> [YOUR OBJECTIVE]:
Identify every line in the records below that contains the word "assms", and copy each of those lines.
== RECORDS TO PROCESS ==
text \<open>Being A-Hilbertian only asks that, for every finite S in Y and epsilon > 0, some
factorisation Y -> C_n(A) -> Y through completely contractive module maps moves every point of S
by less than epsilon; the net is then assembled from these finitely many conditions.  Given S,
choose alpha with psi_alpha phi_alpha within epsilon/2 of the identity on S, and a factorisation
of Y_alpha through some C_n(A) within epsilon/2 of the identity on phi_alpha(S).  Composing it
with phi_alpha and psi_alpha factors Y through C_n(A), and since psi_alpha is contractive the
errors add up to less than epsilon.\<close>

lemma complex_vsD:
  assumes "complex_vs X"
  shows complex_vs_vzero: "vzero X \<in> carrier X"
    and complex_vs_vadd: "x \<in> carrier X \<Longrightarrow> y \<in> carrier X \<Longrightarrow> vadd X x y \<in> carrier X"
    and complex_vs_smul: "x \<in> carrier X \<Longrightarrow> smul X c x \<in> carrier X"
    and complex_vs_assoc: "x \<in> carrier X \<Longrightarrow> y \<in> carrier X \<Longrightarrow> z \<in> carrier X \<Longrightarrow>
      vadd X (vadd X x y) z = vadd X x (vadd X y z)"
    and complex_vs_commute: "x \<in> carrier X \<Longrightarrow> y \<in> carrier X \<Longrightarrow> vadd X x y = vadd X y x"
    and complex_vs_left_zero: "x \<in> carrier X \<Longrightarrow> vadd X (vzero X) x = x"
    and complex_vs_right_neg: "x \<in> carrier X \<Longrightarrow> vadd X x (smul X (-1) x) = vzero X"
  using assms unfolding complex_vs_def by auto

lemma operator_space_complex_vs: "operator_space X \<Longrightarrow> complex_vs X"
  unfolding operator_space_def by simp

lemma rmodule_over_operator_space: "rmodule_over A Y \<Longrightarrow> operator_space Y"
  unfolding rmodule_over_def by simp

lemma vdiff_closed:
  assumes "complex_vs X" "x \<in> carrier X" "y \<in> carrier X"
  shows "vdiff X x y \<in> carrier X"
  unfolding vdiff_def using assms by (simp add: complex_vs_vadd complex_vs_smul)

lemma vdiff_telescope:
  assumes X: "complex_vs X" and x: "x \<in> carrier X" and y: "y \<in> carrier X" and z: "z \<in> carrier X"
  shows "vdiff X x z = vadd X (vdiff X x y) (vdiff X y z)"
proof -
  let ?neg = "smul X (-1)"
  have neg_y: "?neg y \<in> carrier X" and neg_z: "?neg z \<in> carrier X"
    using X y z by (simp_all add: complex_vs_smul)
  have "vadd X (vdiff X x y) (vdiff X y z) = vadd X x (vadd X (vadd X (?neg y) y) (?neg z))"
    unfolding vdiff_def using X x y z neg_y neg_z
    by (simp add: complex_vs_assoc complex_vs_vadd)
  also have "vadd X (?neg y) y = vzero X"
    using X y neg_y by (simp add: complex_vs_commute complex_vs_right_neg)
  finally show ?thesis
    unfolding vdiff_def using X neg_z by (simp add: complex_vs_left_zero)
qed

lemma clinear_map_vdiff:
  assumes "clinear_map X Z T" "complex_vs X" "x \<in> carrier X" "y \<in> carrier X"
  shows "T (vdiff X x y) = vdiff Z (T x) (T y)"
  using assms unfolding clinear_map_def vdiff_def by (simp add: complex_vs_smul)

lemma operator_space_mnorm_triangle:
  "operator_space X \<Longrightarrow> n \<ge> 1 \<Longrightarrow> x \<in> mats X n \<Longrightarrow> y \<in> mats X n \<Longrightarrow>
    mnorm X n (madd X x y) \<le> mnorm X n x + mnorm X n y"
  unfolding operator_space_def by blast

lemma completely_contractive_mnorm_le:
  "completely_contractive X Z T \<Longrightarrow> n \<ge> 1 \<Longrightarrow> x \<in> mats X n \<Longrightarrow>
    mnorm Z n (matmap Z n T x) \<le> mnorm X n x"
  unfolding completely_contractive_def by blast

lemma vnorm_add_le:
  assumes "operator_space X" "x \<in> carrier X" "y \<in> carrier X"
  shows "vnorm X (vadd X x y) \<le> vnorm X x + vnorm X y"
proof -
  let ?entry = "\<lambda>v. (\<lambda>i j. if i = 0 \<and> j = 0 then v else vzero X)"
  have X: "complex_vs X" using assms(1) by (rule operator_space_complex_vs)
  have sum: "madd X (?entry x) (?entry y) = ?entry (vadd X x y)"
    unfolding madd_def using X by (auto simp: fun_eq_iff complex_vs_left_zero complex_vs_vzero)
  have "mnorm X 1 (madd X (?entry x) (?entry y)) \<le> mnorm X 1 (?entry x) + mnorm X 1 (?entry y)"
    using assms(2,3) by (intro operator_space_mnorm_triangle[OF assms(1)]) (auto simp: mats_def)
  then show ?thesis unfolding vnorm_def sum .
qed

lemma completely_contractive_vnorm_le:
  assumes "completely_contractive X Z T" "x \<in> carrier X"
  shows "vnorm Z (T x) \<le> vnorm X x"
proof -
  let ?entry = "\<lambda>v. (\<lambda>i j. if i = 0 \<and> j = 0 then v else vzero X)"
  have image: "matmap Z 1 T (?entry x) = (\<lambda>i j. if i = 0 \<and> j = 0 then T x else vzero Z)"
    unfolding matmap_def by (auto simp: fun_eq_iff)
  have "mnorm Z 1 (matmap Z 1 T (?entry x)) \<le> mnorm X 1 (?entry x)"
    using assms(2) by (intro completely_contractive_mnorm_le[OF assms(1)]) (auto simp: mats_def)
  then show ?thesis unfolding vnorm_def image .
qed

lemma matmap_comp:
  "matmap Z n (T \<circ> S) x = matmap Z n T (matmap W n S x)"
  unfolding matmap_def by (auto simp: fun_eq_iff)

lemma matmap_mats:
  "clinear_map X Z T \<Longrightarrow> x \<in> mats X n \<Longrightarrow> matmap Z n T x \<in> mats Z n"
  unfolding clinear_map_def mats_def matmap_def by auto

lemma cc_module_map_carrier:
  "cc_module_map A X Z T \<Longrightarrow> x \<in> carrier X \<Longrightarrow> T x \<in> carrier Z"
  unfolding cc_module_map_def completely_contractive_def clinear_map_def by simp

lemma cc_module_map_comp:
  assumes S: "cc_module_map A X W S" and T: "cc_module_map A W Z T"
  shows "cc_module_map A X Z (T \<circ> S)"
proof -
  have "clinear_map X Z (T \<circ> S)"
    using S T unfolding cc_module_map_def completely_contractive_def clinear_map_def by simp
  moreover have "mnorm Z n (matmap Z n (T \<circ> S) x) \<le> mnorm X n x" if "n \<ge> 1" "x \<in> mats X n" for n x
  proof -
    have "matmap W n S x \<in> mats W n"
      using S that(2) unfolding cc_module_map_def completely_contractive_def by (blast intro: matmap_mats)
    then have "mnorm Z n (matmap Z n T (matmap W n S x)) \<le> mnorm W n (matmap W n S x)"
      using T that(1) unfolding cc_module_map_def by (blast intro: completely_contractive_mnorm_le)
    also have "\<dots> \<le> mnorm X n x"
      using S that unfolding cc_module_map_def by (blast intro: completely_contractive_mnorm_le)
    finally show ?thesis unfolding matmap_comp[where W = W] .
  qed
  moreover have "module_map A X Z (T \<circ> S)"
    using S T unfolding cc_module_map_def completely_contractive_def clinear_map_def module_map_def
    by simp
  ultimately show ?thesis unfolding cc_module_map_def completely_contractive_def by blast
qed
===
> [TASK SOLUTION]:
  using assms unfolding complex_vs_def by auto
  unfolding vdiff_def using assms by (simp add: complex_vs_vadd complex_vs_smul)
  using assms unfolding clinear_map_def vdiff_def by (simp add: complex_vs_smul)
  have X: "complex_vs X" using assms(1) by (rule operator_space_complex_vs)
    using assms(2,3) by (intro operator_space_mnorm_triangle[OF assms(1)]) (auto simp: mats_def)
    using assms(2) by (intro completely_contractive_mnorm_le[OF assms(1)]) (auto simp: mats_def)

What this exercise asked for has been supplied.